The smuggling has aggravated food shortages in Venezuela, an issue that helped spark two months of violent anti-government protests that have left more than 40 people dead. Meanwhile, legitimate supermarket owners on the Colombian side of the frontier complain they’re being undercut by smugglers.
“This is terrible for storeowners. It has led to a huge contraction of the local economy,” says Rodolfo Mora, who heads the Cucuta branch of Colombia’s National Merchants Federation.
So far this year, police have confiscated 38 tons of meat, 34 tons of cheese and 164 tons of fruit and vegetables.
Officials from both countries acknowledge that corrupt border guards facilitate the underground food trade in exchange for payoffs.
Col. Rodolfo Carrero, chief of Cucuta’s border police, says criminal gangs that traffic drugs are also deeply involved. He points out that on top of the huge profits, the risk is low because there is no threat of harsh prison sentences or extradition for smuggling groceries.
Carrero says that smugglers must be caught red-handed with at least $14,000 in contraband before they can be arrested.
Smugglers use everything from tractor-trailers to motorcycles that cross back and forth 20 times a day to move their goods. It all adds up. So far this year, police have confiscated 38 tons of meat, 34 tons of cheese and 164 tons of fruit and vegetables. The border chief says the food gets a sanitary inspection and, if deemed safe to eat, is donated to charities and government institutions.
Carrero admits that far more Venezuelan food makes it across the border undetected. But he says a more forceful response by authorities could backfire. So many residents along the border make a living off smuggling that a sustained crackdown would throw thousands out of work. During past law enforcement operations, protesting “contrabandistas” have burned down customs posts and attacked police officers.
In Venezuela, meanwhile, the smuggling is part of an intense debate over what lies behind the country’s food shortages.
Government officials blame the shortages on unscrupulous businesspeople who they claim are hoarding and smuggling goods.
“A lot of this is part of an economic war designed to throw the country into chaos,” President Nicolas Maduro said in a September speech. “The parasitic bourgeoisie of Venezuela thinks that if they can bring chaos to the country, then political power in Venezuela will be served to them on a platter.”
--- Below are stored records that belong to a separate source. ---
definition sscale :: "complex \<Rightarrow> ('x \<Rightarrow> 'n dvec \<Rightarrow> 'n dvec) \<Rightarrow> ('x \<Rightarrow> 'n dvec \<Rightarrow> 'n dvec)" where
  "sscale c S = (\<lambda>x a. dscale c (S x a))"

definition op_adj :: "'v set \<Rightarrow> ('v \<Rightarrow> 'v \<Rightarrow> complex) \<Rightarrow> ('v \<Rightarrow> 'v) \<Rightarrow> 'v \<Rightarrow> 'v" where
  "op_adj D ip T a = (THE c. c \<in> D \<and> (\<forall>b\<in>D. ip c b = ip a (T b)))"

definition sadj :: "nat \<Rightarrow> ('x \<Rightarrow> ('n::finite) dvec set) \<Rightarrow> ('x \<Rightarrow> 'n dvec \<Rightarrow> 'n dvec) \<Rightarrow> ('x \<Rightarrow> 'n dvec \<Rightarrow> 'n dvec)" where
  "sadj r D S = (\<lambda>x. op_adj (D x) (Dinner r) (S x))"

definition Esec :: "('x::topological_space \<Rightarrow> ('n::finite \<Rightarrow> complex) set) \<Rightarrow> ('x \<Rightarrow> 'n \<Rightarrow> complex) set" where
  "Esec L = {\<xi>. continuous_on UNIV \<xi> \<and> (\<forall>x. \<xi> x \<in> L x)}"

definition lact :: "('x \<Rightarrow> 'x) \<Rightarrow> ('x \<Rightarrow> complex) \<Rightarrow> ('x \<Rightarrow> 'n \<Rightarrow> complex) \<Rightarrow> ('x \<Rightarrow> 'n \<Rightarrow> complex)" where
  "lact \<alpha> f \<xi> = (\<lambda>x. vscale (f (\<alpha> x)) (\<xi> x))"

definition rinner :: "('x \<Rightarrow> ('n::finite) \<Rightarrow> complex) \<Rightarrow> ('x \<Rightarrow> 'n \<Rightarrow> complex) \<Rightarrow> 'x \<Rightarrow> complex" where
  "rinner \<xi> \<eta> = (\<lambda>x. vinner (\<xi> x) (\<eta> x))"

definition linner :: "('x \<Rightarrow> 'x) \<Rightarrow> ('x \<Rightarrow> ('n::finite) \<Rightarrow> complex) \<Rightarrow> ('x \<Rightarrow> 'n \<Rightarrow> complex) \<Rightarrow> 'x \<Rightarrow> complex" where
  "linner \<alpha> \<xi> \<eta> = (\<lambda>x. rinner \<eta> \<xi> (inv \<alpha> x))"

definition C0_compl :: "'x::topological_space set \<Rightarrow> ('x \<Rightarrow> complex) set" where
  "C0_compl Y = {f. continuous_on UNIV f \<and> (\<forall>y\<in>Y. f y = 0)}"

text \<open>E_Y = C_0(X \ Y) E\<close>
definition EY :: "('x::topological_space \<Rightarrow> ('n::finite \<Rightarrow> complex) set) \<Rightarrow> ('x \<Rightarrow> 'x) \<Rightarrow> 'x set \<Rightarrow> ('x \<Rightarrow> 'n \<Rightarrow> complex) set" where
  "EY L \<alpha> Y = {lact \<alpha> f \<xi> | f \<xi>. f \<in> C0_compl Y \<and> \<xi> \<in> Esec L}"

definition pi_r :: "('x \<Rightarrow> 'x) \<Rightarrow> ('x \<Rightarrow> complex) \<Rightarrow> 'x \<Rightarrow> 'n dvec \<Rightarrow> 'n dvec" where
  "pi_r \<alpha> f = (\<lambda>x a. (\<lambda>i l. f ((\<alpha> ^^ i) x) * a i l))"

definition tau_r :: "('x \<Rightarrow> 'x) \<Rightarrow> nat \<Rightarrow> ('x \<Rightarrow> 'n \<Rightarrow> complex) \<Rightarrow> 'x \<Rightarrow> 'n dvec \<Rightarrow> 'n dvec" where
  "tau_r \<alpha> r \<xi> = (\<lambda>x a. (\<lambda>i. if i = 0 \<or> r \<le> i then (\<lambda>l. 0)
                              else etensor (\<xi> ((\<alpha> ^^ (i - 1)) x)) (a (i - 1))))"

end

theory Submission
  imports Defs
begin

(* pi_k and tau_k act fibrewise on D_x = V^(0)_x + ... + V^(r-1)_x, so the algebraic identities
   of (a), (b), (d) hold pointwise, and continuity reduces to continuity of coordinates. Since the
   inner product on D_x is definite, adjoints are unique, and the adjoint of tau_k(eta) at x is
   explicit: it contracts the degree i+1 component with eta(alpha^i x) and discards degree 0.
   With it, (c) and (e) become pointwise identities in every degree but the extreme ones; there
   they hold because sections of E_Y vanish on alpha^-1(Y): the point alpha^(r-1) x lies there,
   as every point of Y returns to Y (minimality), and so does alpha^-1 x for x in Y.
   In (e) the remaining degrees use that V is a line bundle:
   <eta, xi> v = <eta, v> xi for v, xi in the same fibre. *)

section \<open>Line bundles and their tensor powers\<close>

lemma line_bundle_fibre:
  assumes "line_bundle L"
  obtains v where "L x = {vscale c v | c. True}"
  using assms unfolding line_bundle_def by meson

lemma line_bundle_vscale_mem:
  assumes "line_bundle L" "v \<in> L x"
  shows "vscale c v \<in> L x"
proof -
  obtain v0 where L: "L x = {vscale c v0 | c. True}" using line_bundle_fibre[OF assms(1)] .
  then obtain c1 where "v = vscale c1 v0" using assms(2) by auto
  then have "vscale c v = vscale (c * c1) v0" by (simp add: vscale_def fun_eq_iff)
  then show ?thesis unfolding L by auto
qed

lemma line_bundle_fibre_nonempty:
  assumes "line_bundle L"
  obtains v where "v \<in> L x"
  using line_bundle_fibre[OF assms] by blast

lemma line_bundle_common_generator:
  assumes "line_bundle L" "v \<in> L x" "w \<in> L x"
  obtains v0 c1 c2 where "v0 \<in> L x" "v = vscale c1 v0" "w = vscale c2 v0"
proof -
  obtain v0 where L: "L x = {vscale c v0 | c. True}" using line_bundle_fibre[OF assms(1)] .
  have "v0 = vscale 1 v0" by (simp add: vscale_def)
  then show ?thesis using that assms(2,3) unfolding L by auto
qed

lemma vinner_rank_one:
  assumes "line_bundle L" "v \<in> L x" "w \<in> L x"
  shows "vinner u w * v h = vinner u v * w h"
proof -
  obtain v0 c1 c2 where "v = vscale c1 v0" "w = vscale c2 v0"
    using line_bundle_common_generator[OF assms] .
  then show ?thesis
    by (simp add: vinner_def vscale_def sum_distrib_left sum_distrib_right algebra_simps)
qed

lemma Vfib_scale: "a \<in> Vfib L \<alpha> i x \<Longrightarrow> (\<lambda>l. c * a l) \<in> Vfib L \<alpha> i x"
proof (induction i arbitrary: a)
  case 0
  then obtain d where "a = (\<lambda>l. if l = [] then d else 0)" by auto
  then have "(\<lambda>l. c * a l) = (\<lambda>l. if l = [] then c * d else 0)" by auto
  then show ?case by auto
next
  case (Suc i)
  then obtain v a' where a: "a = etensor v a'" "v \<in> L ((\<alpha> ^^ i) x)" "a' \<in> Vfib L \<alpha> i x"
    by auto
  have "(\<lambda>l. c * a l) = etensor v (\<lambda>l. c * a' l)"
    by (auto simp: a etensor_def fun_eq_iff split: list.split)
  then show ?case using Suc.IH[OF a(3)] a(2) by auto
qed

lemma Vfib_zero:
  assumes "line_bundle L"
  shows "(\<lambda>l. 0) \<in> Vfib L \<alpha> i x"
proof (induction i)
  case 0
  have "(\<lambda>l::'a list. 0::complex) = (\<lambda>l. if l = [] then 0 else 0)" by simp
  then show ?case by (auto intro!: exI[of _ 0])
next
  case (Suc i)
  obtain v where "v \<in> L ((\<alpha> ^^ i) x)" using line_bundle_fibre_nonempty[OF assms] .
  moreover have "(\<lambda>l. 0) = etensor v (\<lambda>l. 0)"
    by (auto simp: etensor_def fun_eq_iff split: list.split)
  ultimately show ?case using Suc by auto
qed

lemma Vfib_add:
  assumes "line_bundle L"
  shows "a \<in> Vfib L \<alpha> i x \<Longrightarrow> b \<in> Vfib L \<alpha> i x \<Longrightarrow> (\<lambda>l. a l + b l) \<in> Vfib L \<alpha> i x"
proof (induction i arbitrary: a b)
  case 0
  then obtain d e where "a = (\<lambda>l. if l = [] then d else 0)" "b = (\<lambda>l. if l = [] then e else 0)"
    by auto
  then have "(\<lambda>l. a l + b l) = (\<lambda>l. if l = [] then d + e else 0)" by auto
  then show ?case by auto
next
  case (Suc i)
  obtain v a' where a: "a = etensor v a'" "v \<in> L ((\<alpha> ^^ i) x)" "a' \<in> Vfib L \<alpha> i x"
    using Suc.prems by auto
  obtain w b' where b: "b = etensor w b'" "w \<in> L ((\<alpha> ^^ i) x)" "b' \<in> Vfib L \<alpha> i x"
    using Suc.prems by auto
  obtain v0 c1 c2 where v0: "v0 \<in> L ((\<alpha> ^^ i) x)" "v = vscale c1 v0" "w = vscale c2 v0"
    using line_bundle_common_generator[OF assms a(2) b(2)] .
  have "(\<lambda>l. a l + b l) = etensor v0 (\<lambda>l. c1 * a' l + c2 * b' l)"
    by (auto simp: a b v0 etensor_def vscale_def fun_eq_iff algebra_simps split: list.split)
  moreover have "(\<lambda>l. c1 * a' l + c2 * b' l) \<in> Vfib L \<alpha> i x"
    using Suc.IH[OF Vfib_scale[OF a(3)] Vfib_scale[OF b(3)]] .
  ultimately show ?case using v0(1) by auto
qed

lemma Vfib_vanishes: "a \<in> Vfib L \<alpha> i x \<Longrightarrow> length l \<noteq> i \<Longrightarrow> a l = 0"
proof (induction i arbitrary: a l)
  case 0
  then show ?case by auto
next
  case (Suc i)
  then obtain v a' where "a = etensor v a'" "a' \<in> Vfib L \<alpha> i x" by auto
  with Suc show ?case by (auto simp: etensor_def split: list.split)
qed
As he waits in a long line outside a state-run supermarket on the Venezuelan side of the border that sells low-cost food, shoemaker Mario Hernandez agrees. “This part of the country is an opposition stronghold.” Smuggling, he says, “is a way to bleed the country.”
Another shopper in the line adds: “Everything is being smuggled and we end up suffering.”
But many residents in San Cristobal pin the blame on the government’s socialist economic policies. Indeed, food shortages along with high crime and inflation helped trigger Venezuela’s anti-government demonstrations that first broke out in this city in February.
Although police and National Guard troops now patrol the streets, sporadic demonstrations continue in San Cristobal and other cities. At one protest march, university professor Ines Ferrero points out that even as it seeks to blame others for the country’s economic woes, the government has taken greater control over the levers of the economy.
For example, some farms and food processing plants have been expropriated, yet their output has fallen. Venezuela has one of the highest inflation rates in the world but price controls on basic foodstuffs — which are designed to help poor people — discourage private food producers who claim they can’t make a profit. The government also limits access to US dollars, making it harder for businesses to import food.
Smuggling between Colombia and Venezuela “has always existed,” Ferrero says. “That is not the problem. That is not a good excuse for the shortages.”
Whatever the cause, the end result is that some Venezuelans are now crossing into Colombia to purchase marked-up Venezuelan food.
“If we can’t find powdered milk here we find it just across the border, but at two or three times the price,” says Jose Rizo, a Venezuelan businessman who lives in the frontier town of San Antonio del Tachira. “It really makes me angry.